For the following algorithms, the option Isolate Zeros is available:
- Separating 0 into a separate interval can be useful for zero-inflated distributions so as to clearly separate small values from "absolutely nothing."
Click Finish to perform the Discretization.
A progress bar displays the status of the Discretization process:

If a Filtered Value is defined for a Continuous variable, a new artificial interval with an infinitesimally small width of 10-7 will be added after the intervals defined in this step. This newly-created state will serve as the Filtered State, and "*", i.e., the asterisk character, will be its State Name.
At its conclusion, BayesiaLab opens up a Graph Window with all imported variables now represented as nodes.

Automatic Discretization Algorithms in Detail

Tree

Context

Tree is one of the Automatic Discretization algorithms for Continuous variables in Step 4 — Discretization and Aggregation of the Data Import Wizard.
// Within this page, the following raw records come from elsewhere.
lemma cSup_power_le:
  fixes N :: "real set"
  assumes "N \<noteq> {}" and "\<And>e. e \<in> N \<Longrightarrow> 0 \<le> e \<and> e ^ m \<le> R" and "0 < m"
  shows "Sup N ^ m \<le> R"
proof -
  obtain e0 where "e0 \<in> N"
    using assms(1) by blast
  then have "0 \<le> R"
    using assms(2) by (meson order_trans zero_le_power)
  have le_root: "e \<le> root m R" if "e \<in> N" for e
  proof -
    have "e = root m (e ^ m)"
      using assms(2)[OF that] \<open>0 < m\<close> by (simp add: real_root_power_cancel)
    also have "\<dots> \<le> root m R"
      using assms(2)[OF that] \<open>0 < m\<close> by (simp add: real_root_le_mono)
    finally show ?thesis .
  qed
  have "bdd_above N"
    using le_root by (rule bdd_aboveI)
  have "0 \<le> Sup N"
    using assms(2)[OF \<open>e0 \<in> N\<close>] cSup_upper[OF \<open>e0 \<in> N\<close> \<open>bdd_above N\<close>] by linarith
  then have "Sup N ^ m \<le> root m R ^ m"
    using cSup_least[OF assms(1) le_root] by (simp add: power_mono)
  then show ?thesis
    using \<open>0 < m\<close> \<open>0 \<le> R\<close> by (simp add: real_root_pow_pos2)
qed

lemma A_numrad_power_le:
  assumes "\<exists>x. A_norm A x = 1" and "\<And>x. A_norm A x = 1 \<Longrightarrow> cmod (A_inner A (T x) x) ^ m \<le> R"
    and "0 < m"
  shows "A_numrad A T ^ m \<le> R"
  unfolding A_numrad_def using assms by (intro cSup_power_le) auto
Algorithm Details & Recommendations

Tree is a bivariate discretization method. It machine-learns a decision tree that uses the to-be-discretized variable for representing the conditional probability distributions of the Target variable given the to-be-discretized variable. Once the Tree is learned, it is analyzed to extract the most useful thresholds.
It is the method of choice in the context of Supervised Learning, i.e., if you plan to machine-learn a model to predict the Target variable.
At the same time, we do not recommend using Tree in the context of Unsupervised Learning. The Tree algorithm creates bins that are biased toward the designated Target variable. Naturally, emphasizing one particular variable would run counter to the intent of Unsupervised Learning.
Note that if the to-be-discretized variable is independent of the selected Target variable, it will be impossible to build a tree, and BayesiaLab will prompt you to select a univariate discretization algorithm.
All manually discretized variables can be used as a Target variable for Tree discretization.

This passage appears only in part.